= Perpetrator studies =

Field of research regarding the perpetrators of mass killings and political violence

Perpetrator studies, also known as perpetrator research, is a nascent interdisciplinary, scholarly field of research into the perpetrators of mass killings and/or political violence. It is covered in the Journal of Perpetrator Research and other publications.

Anthropologists, historians, and psychologists are among those who have made contributions to the field. The field is relatively novel, with the notable Journal of Perpetrator Research publishing its first issue in 2017, with the aim of studying perpetrators' motives and philosophies.
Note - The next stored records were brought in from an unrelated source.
lemma finite_supp: "f \<in> carrier RG \<Longrightarrow> finite (supp f)"
  by (simp add: group_ring_carrier_iff)

lemma group_ring_eqI:
  assumes "f \<in> carrier RG" "h \<in> carrier RG" "\<And>x. x \<in> carrier G \<Longrightarrow> f x = h x"
  shows "f = h"
  using assms by (metis group_ring_outside ext)

lemma group_ring_mult_apply:
  assumes f: "f \<in> carrier RG" and h: "h \<in> carrier RG"
    and A: "finite A" "supp f \<subseteq> A" "A \<subseteq> carrier G" and x: "x \<in> carrier G"
  shows "(f \<otimes>\<^bsub>RG\<^esub> h) x = (\<Oplus>\<^bsub>R\<^esub> a \<in> A. f a \<otimes>\<^bsub>R\<^esub> h (inv\<^bsub>G\<^esub> a \<otimes>\<^bsub>G\<^esub> x))"
proof -
  have "(f \<otimes>\<^bsub>RG\<^esub> h) x = (\<Oplus>\<^bsub>R\<^esub> a \<in> supp f. f a \<otimes>\<^bsub>R\<^esub> h (inv\<^bsub>G\<^esub> a \<otimes>\<^bsub>G\<^esub> x))"
    using x by (simp add: group_ring_mult)
  also have "\<dots> = (\<Oplus>\<^bsub>R\<^esub> a \<in> A. f a \<otimes>\<^bsub>R\<^esub> h (inv\<^bsub>G\<^esub> a \<otimes>\<^bsub>G\<^esub> x))"
  proof (rule R.add.finprod_mono_neutral_cong_left[OF A(1,2)])
    show "f a \<otimes>\<^bsub>R\<^esub> h (inv\<^bsub>G\<^esub> a \<otimes>\<^bsub>G\<^esub> x) = \<zero>\<^bsub>R\<^esub>" if "a \<in> A - supp f" for a
      using that A(3) h x by (auto simp: supp_def group_ring_closed)
    show "(\<lambda>a. f a \<otimes>\<^bsub>R\<^esub> h (inv\<^bsub>G\<^esub> a \<otimes>\<^bsub>G\<^esub> x)) \<in> A \<rightarrow> carrier R"
      using f h by (simp add: group_ring_closed)
  qed simp
  finally show ?thesis .
qed
text \<open>A directed set whose supremum is compact contains the supremum; for an ideal this
  makes it principal.\<close>
lemma lub_of_noncompact_ideal_not_compact:
  assumes I: "I \<in> ideals R le" and nc: "\<not> compact_el (ideals R le) (\<subseteq>) I" and u: "is_lub R le I u"
  shows "\<not> compact_el R le u"
proof
  assume c: "compact_el R le u"
  have IR: "I \<subseteq> R" and uR: "u \<in> R"
    using I u unfolding mem_ideals is_lub_def by blast+
  have "I \<noteq> {}" "up_directed I le"
    using I unfolding ideals_def by blast+
  then obtain y where y: "y \<in> I" "le u y"
    using compact_elD[OF c IR _ _ u] po uR unfolding partial_order_on'_def by blast
  have "le y u"
    using u y(1) unfolding is_lub_def by blast
  then have "u \<in> I"
    using y po uR IR unfolding partial_order_on'_def by (metis subsetD)
  then have "principal_ideal R le u \<subseteq> I"
    by (rule principal_ideal_subset_ideal[OF I])
  moreover have "I \<subseteq> principal_ideal R le u"
    using IR u unfolding is_lub_def principal_ideal_def by blast
  ultimately show False
    using nc uR unfolding compact_ideal_iff_principal by blast
qed

end

lemma order_iso_compact_part:
  assumes po: "partial_order_on' R le" and iso: "order_iso_by g (ideals R le) (\<subseteq>) Q leQ"
  shows "order_iso_by (g \<circ> principal_ideal R le) R le (kcompact Q leQ 1) leQ"
proof -
  have "order_iso_by g (kcompact (ideals R le) (\<subseteq>) 1) (\<subseteq>) (kcompact Q leQ 1) leQ"
    using order_iso_by_restrict[OF iso kcompact_subset] order_iso_by_kcompact[OF iso, of 1]
    by metis
  then show ?thesis
    by (rule order_iso_by_comp[OF order_iso_by_principal_ideal[OF po]])
qed

lemma least_compact_above_noncompact:
  assumes po: "partial_order_on' R le" and dc: "directed_complete R le"
    and iso: "order_iso_by g (ideals R le) (\<subseteq>) Q leQ"
    and a0: "a0 \<in> Q" and nc: "\<not> compact_el Q leQ a0"
  obtains a1 where "is_least {c \<in> kcompact Q leQ 1. leQ a0 c} leQ a1"
    and "\<not> compact_el (kcompact Q leQ 1) leQ a1"
proof -
  let ?K = "kcompact (ideals R le) (\<subseteq>) 1"
  obtain I where I: "I \<in> ideals R le" and a0_eq: "a0 = g I"
    using a0 order_iso_by_image[OF iso] by blast
  have nc_I: "\<not> compact_el (ideals R le) (\<subseteq>) I"
    using nc order_iso_by_compact_el[OF iso I] unfolding a0_eq by simp
  obtain u where u: "is_lub R le I u"
    using dc I unfolding directed_complete_def ideals_def downset_def by blast
  have uR: "u \<in> R"
    using u unfolding is_lub_def by simp
  have "\<not> compact_el (kcompact Q leQ 1) leQ (g (principal_ideal R le u))"
    using order_iso_by_compact_el[OF order_iso_compact_part[OF po iso] uR]
      lub_of_noncompact_ideal_not_compact[OF po I nc_I u] by simp
  moreover have "is_least {c \<in> kcompact Q leQ 1. leQ a0 c} leQ (g (principal_ideal R le u))"
  proof -
    have "{c \<in> kcompact Q leQ 1. leQ a0 c} = g ` {c \<in> ?K. I \<subseteq> c}"
      using order_iso_by_image_above[OF iso kcompact_subset[of _ "(\<subseteq>)" 1] I]
        order_iso_by_kcompact[OF iso, of 1]
      unfolding a0_eq by simp
    moreover have "{c \<in> ?K. I \<subseteq> c} \<subseteq> ideals R le"
      using kcompact_subset[of "ideals R le" "(\<subseteq>)" 1] by blast
    ultimately show ?thesis
      using least_compact_ideal_above[OF po I u]
        order_iso_by_is_least[OF iso _ principal_ideal_in_ideals[OF po uR]]
      by simp
  qed
  ultimately show ?thesis using that by blast
qed
lemma set_integral_pos_continuous:
  fixes f :: "real \<Rightarrow> real"
  assumes "continuous_on {a..b} f" "\<And>x. x \<in> {a..b} \<Longrightarrow> 0 \<le> f x"
    and "x \<in> {a<..<b}" "f x \<noteq> 0"
  shows "0 < (LINT x:{a..b}|lebesgue. f x)"
proof -
  have "0 \<le> (LINT x:{a..b}|lebesgue. f x)"
    using assms(2) by (rule set_integral_nonneg_pointwise)
  moreover have "(LINT x:{a..b}|lebesgue. f x) \<noteq> 0"
  proof
    assume "(LINT x:{a..b}|lebesgue. f x) = 0"
    then have "(f has_integral 0) (cbox a b)"
      using set_lebesgue_integral_eq_integral[OF absolutely_integrable_continuous_real[OF assms(1)]]
      by (metis box_real(2) has_integral_integral)
    then have "f x = 0"
      using assms by (intro has_integral_0_cbox_imp_0[of a b f x]) auto
    with assms(4) show False ..
  qed
  ultimately show ?thesis
    by simp
qed

lemma set_integral_Icc_square_le:
  fixes G :: "real \<Rightarrow> real"
  assumes "c \<le> d" and G: "set_integrable lebesgue {c..d} G"
    and G2: "set_integrable lebesgue {c..d} (\<lambda>x. (G x)\<^sup>2)"
  shows "(LINT x:{c..d}|lebesgue. G x)\<^sup>2 \<le> (d - c) * (LINT x:{c..d}|lebesgue. (G x)\<^sup>2)"
proof (cases "c = d")
  case True
  then show ?thesis
    by simp
next
  case False
  with \<open>c \<le> d\<close> have "0 < d - c" by simp
  define m where "m = (LINT x:{c..d}|lebesgue. G x) / (d - c)"
  have const: "set_integrable lebesgue {c..d} (\<lambda>x. k)" for k :: real
    by (rule absolutely_integrable_continuous_real) simp
  have "0 \<le> (LINT x:{c..d}|lebesgue. (G x - m)\<^sup>2)"
    by (rule set_integral_nonneg_pointwise) simp
  also have "\<dots> = (LINT x:{c..d}|lebesgue. (G x)\<^sup>2 - (2 * m * G x - m\<^sup>2))"
    by (simp add: power2_eq_square algebra_simps)
  also have "\<dots> = (LINT x:{c..d}|lebesgue. (G x)\<^sup>2)
      - (2 * m * (LINT x:{c..d}|lebesgue. G x) - (d - c) * m\<^sup>2)"
    using G G2 const \<open>c \<le> d\<close>
    by (simp add: set_integral_diff set_integrable_mult_right set_integral_const)
  also have "2 * m * (LINT x:{c..d}|lebesgue. G x) - (d - c) * m\<^sup>2
      = (LINT x:{c..d}|lebesgue. G x)\<^sup>2 / (d - c)"
  proof -
    have "2 * (I / L) * I - L * (I / L)\<^sup>2 = I\<^sup>2 / L" if "L \<noteq> 0" for I L :: real
      using that by (simp add: field_simps power2_eq_square)
    then show ?thesis
      using \<open>0 < d - c\<close> unfolding m_def by simp
  qed
  finally have "(LINT x:{c..d}|lebesgue. G x)\<^sup>2 / (d - c) \<le> (LINT x:{c..d}|lebesgue. (G x)\<^sup>2)"
    by simp
  then show ?thesis
    using \<open>0 < d - c\<close> by (simp add: pos_divide_le_eq mult.commute)
qed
Researchers have also explored the "processes through which genocide took shape" that have contributed to what scholars view as a phenomenon of mostly "ordinary people" becoming highly motivated to commit collective atrocities.

== Development ==
Some of the earliest research done in the field of perpetrator studies, particularly in the aftermath of World War II, involved determining why perpetrators become perpetrators in the first place. Researchers such as R. Hilberg and H. Arendt, who studied Holocaust perpetrators including Adolf Eichmann, determined that these perpetrators are, for the most part, "ordinary people". However, the circumstances they are in are often what prompt them to take such drastic action.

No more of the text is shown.